For Kafka benchmarks, you need a local Kafka cluster. You can run it yourself, but we recommend using the provided Docker Compose configuration. You can find it along with further instructions in the scripts/kafka
directory. By default, the broker will listen on ports 9092, 9093, and 9094.
To emulate specific network conditions in gRPC and Kafka benchmarks, you can use the netem kernel module in Linux.
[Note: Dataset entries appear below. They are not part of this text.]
(* Let \[ M=\begin{pmatrix} \frac15&\frac15&\frac15&\frac15&\frac15\\ \frac35&\frac12&\frac3{10}&0&-\frac25\\ 1&\frac12&-\frac3{14}&-\frac47&\frac27\\ \frac75&0&-\frac45&\frac12&-\frac1{10}\\ \frac95&-\frac65&\frac{18}{35}&-\frac9{70}&\frac1{70} \end{pmatrix}. \] Consider real vectors $\tilde A=(\tilde A_0,\dots,\tilde A_4)$, $\tilde B=(\tilde B_0,\dots,\tilde B_4)$ satisfying: $\tilde A_0=\tilde B_0=1$; $0\le\tilde A_k\le\tilde B_k$ for $0\le k\le4$; $\sum_k\tilde A_k=\tfrac52$; $\sum_k\tilde B_k=10$; $\tilde B=2M\tilde A$; and $\tilde A_1=\tilde B_1$. Then the unique solution is \[ \tilde A=(1,0,0,0,\tfrac32),\qquad \tilde B=(1,0,\tfrac{20}7,\tfrac52,\tfrac{51}{14}). \]
   Context: This is the normalized intrinsic linear program for two-dimensional codes detecting the adjoint (spin-1) sector inside the spin-2 irrep $V_2\cong\mathrm{Sym}^4(\mathbb C^2)$ of $\mathrm{SU}(2)$: $M$ is the unnormalized MacWilliams matrix $M_{k_1k_2}=(-1)^{4+k_1+k_2}(2k_1+1)\{\begin{smallmatrix}2&2&k_1\\2&2&k_2\end{smallmatrix}\}$ (Wigner $6j$-symbol), and the normalized enumerators of a code with projector $P$ are $\tilde A_k=\frac{N}{K^2}A_k(P,P)$, $\tilde B_k=\frac NK B_k(P,P)$ with $N=5$, $K=2$. *)

theory Defs
  imports Complex_Main
begin

text \<open>The normalized MacWilliams matrix M (rows/columns indexed 0..4).\<close>
definition Mmat :: "nat \<Rightarrow> nat \<Rightarrow> real" where
  "Mmat i j = [[1/5, 1/5, 1/5, 1/5, 1/5],
               [3/5, 1/2, 3/10, 0, -2/5],
               [1, 1/2, -3/14, -4/7, 2/7],
               [7/5, 0, -4/5, 1/2, -1/10],
               [9/5, -6/5, 18/35, -9/70, 1/70]] ! i ! j"

definition LP_feasible :: "(nat \<Rightarrow> real) \<Rightarrow> (nat \<Rightarrow> real) \<Rightarrow> bool" where
  "LP_feasible A B \<longleftrightarrow>
     A 0 = 1 \<and> B 0 = 1 \<and>
     (\<forall>k<5. 0 \<le> A k \<and> A k \<le> B k) \<and>
     (\<Sum>k<5. A k) = 5/2 \<and> (\<Sum>k<5. B k) = 10 \<and>
     (\<forall>i<5. B i = 2 * (\<Sum>j<5. Mmat i j * A j)) \<and>
     A 1 = B 1"

end

theory Submission
  imports Defs
begin

text \<open>Expanding row 1 of \<open>B = 2 M A\<close> with \<open>A\<^sub>0 = 1\<close>, the condition
  \<open>A\<^sub>1 = B\<^sub>1\<close> becomes \<open>4 A\<^sub>4 = 6 + 3 A\<^sub>2\<close>. Substituting this into
  \<open>A\<^sub>1 + A\<^sub>2 + A\<^sub>3 + A\<^sub>4 = 3/2\<close> leaves \<open>A\<^sub>1 + 7/4 A\<^sub>2 + A\<^sub>3 = 0\<close>, so
  nonnegativity forces \<open>A = (1,0,0,0,3/2)\<close>, and then \<open>B = 2 M A\<close> is determined.\<close>

lemma all_lessThan_5: "(\<forall>k<5. P k) \<longleftrightarrow> P 0 \<and> P 1 \<and> P 2 \<and> P 3 \<and> P (4::nat)"
  by (auto simp: less_Suc_eq numeral_eq_Suc)

lemma sum_lessThan_5:
  fixes f :: "nat \<Rightarrow> 'a::comm_monoid_add"
  shows "(\<Sum>k<5. f k) = f 0 + f 1 + f 2 + f 3 + f 4"
  by (simp add: numeral_eq_Suc add.assoc)

lemma Mmat_transform:
  fixes A :: "nat \<Rightarrow> real"
  shows "2 * (\<Sum>j<5. Mmat 0 j * A j) = 2/5 * (\<Sum>j<5. A j)"
    and "2 * (\<Sum>j<5. Mmat 1 j * A j) = 6/5 * A 0 + A 1 + 3/5 * A 2 - 4/5 * A 4"
    and "2 * (\<Sum>j<5. Mmat 2 j * A j) = 2 * A 0 + A 1 - 3/7 * A 2 - 8/7 * A 3 + 4/7 * A 4"
    and "2 * (\<Sum>j<5. Mmat 3 j * A j) = 14/5 * A 0 - 8/5 * A 2 + A 3 - 1/5 * A 4"
    and "2 * (\<Sum>j<5. Mmat 4 j * A j) =
           18/5 * A 0 - 12/5 * A 1 + 36/35 * A 2 - 9/35 * A 3 + 1/35 * A 4"
  by (simp_all add: sum_lessThan_5 Mmat_def algebra_simps)

lemma A_determined_by_row_1:
  fixes A :: "nat \<Rightarrow> real"
  assumes "A 0 = 1" and nonneg: "\<forall>k<5. 0 \<le> A k" and "(\<Sum>k<5. A k) = 5/2"
    and "A 1 = 2 * (\<Sum>j<5. Mmat 1 j * A j)"
  shows "A 1 = 0" and "A 2 = 0" and "A 3 = 0" and "A 4 = 3/2"
proof -
  have row_1: "4 * A 4 = 6 + 3 * A 2"
    using assms(1,4) Mmat_transform(2)[of A] by linarith
  moreover have "A 1 + A 2 + A 3 + A 4 = 3/2"
    using assms(1,3) by (simp add: sum_lessThan_5)
  ultimately have "A 1 + 7/4 * A 2 + A 3 = 0"
    by linarith
  with nonneg show "A 1 = 0" "A 2 = 0" "A 3 = 0"
    unfolding all_lessThan_5 by linarith+
  with row_1 show "A 4 = 3/2"
    by linarith
qed

lemma LP_feasible_unique:
  fixes A B :: "nat \<Rightarrow> real"
  assumes "LP_feasible A B"
  shows "A 0 = 1" "A 1 = 0" "A 2 = 0" "A 3 = 0" "A 4 = 3/2"
    and "B 0 = 1" "B 1 = 0" "B 2 = 20/7" "B 3 = 5/2" "B 4 = 51/14"
proof -
  show A: "A 0 = 1" "A 1 = 0" "A 2 = 0" "A 3 = 0" "A 4 = 3/2"
    using assms A_determined_by_row_1 unfolding LP_feasible_def by auto
  have "\<forall>i<5. B i = 2 * (\<Sum>j<5. Mmat i j * A j)" and "(\<Sum>k<5. A k) = 5/2"
    using assms unfolding LP_feasible_def by blast+
  then show "B 0 = 1" "B 1 = 0" "B 2 = 20/7" "B 3 = 5/2" "B 4 = 51/14"
    unfolding all_lessThan_5 using A Mmat_transform[of A] by simp_all
qed

lemma LP_feasible_solution:
  fixes A B :: "nat \<Rightarrow> real"
  assumes A: "A 0 = 1" "A 1 = 0" "A 2 = 0" "A 3 = 0" "A 4 = 3/2"
    and B: "B 0 = 1" "B 1 = 0" "B 2 = 20/7" "B 3 = 5/2" "B 4 = 51/14"
  shows "LP_feasible A B"
proof -
  have sum_A: "(\<Sum>k<5. A k) = 5/2" and sum_B: "(\<Sum>k<5. B k) = 10"
    using A B by (simp_all add: sum_lessThan_5)
  have "\<forall>i<5. B i = 2 * (\<Sum>j<5. Mmat i j * A j)"
    unfolding all_lessThan_5 using A B sum_A Mmat_transform[of A] by (intro conjI) linarith+
  moreover have "\<forall>k<5. 0 \<le> A k \<and> A k \<le> B k"
    unfolding all_lessThan_5 using A B by simp
  ultimately show ?thesis
    unfolding LP_feasible_def using A B sum_A sum_B by simp
qed

theorem mainTheorem12:
  fixes A B :: "nat \<Rightarrow> real"
  shows "LP_feasible A B \<longleftrightarrow>
    ((\<forall>k<5. A k = [1, 0, 0, 0, 3/2] ! k) \<and>
     (\<forall>k<5. B k = [1, 0, 20/7, 5/2, 51/14] ! k))"
proof
  assume "LP_feasible A B"
  from LP_feasible_unique[OF this]
  show "(\<forall>k<5. A k = [1, 0, 0, 0, 3/2] ! k) \<and> (\<forall>k<5. B k = [1, 0, 20/7, 5/2, 51/14] ! k)"
    unfolding all_lessThan_5 by simp
next
  assume "(\<forall>k<5. A k = [1, 0, 0, 0, 3/2] ! k) \<and> (\<forall>k<5. B k = [1, 0, 20/7, 5/2, 51/14] ! k)"
  then show "LP_feasible A B"
    unfolding all_lessThan_5 by (intro LP_feasible_solution) simp_all
qed

end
In our benchmarks we used the following configuration:
- Ports 9092 and 8420: no emulation
- Ports 9093 and 8421: 100 Mbit/s bandwidth, 10 ms latency
- Ports 9094 and 8422: 50 Mbit/s bandwidth, 15 ms latency
./scripts/set_netem.sh 10 100 9093 8421 2
./scripts/set_netem.sh 15 50 9094 8422 3
time nc -zw30 localhost 9092
time nc -zw30 localhost 9093
time nc -zw30 localhost 9094
The commands should show latencies of ~0ms, ~20ms, ~30ms (round-trip).
sudo tc qdisc del dev lo root
The code in this repository was written by Piotr Sowiński (Ostrzyciel).
This project is licensed under the Apache License 2.0. See the LICENSE file for details.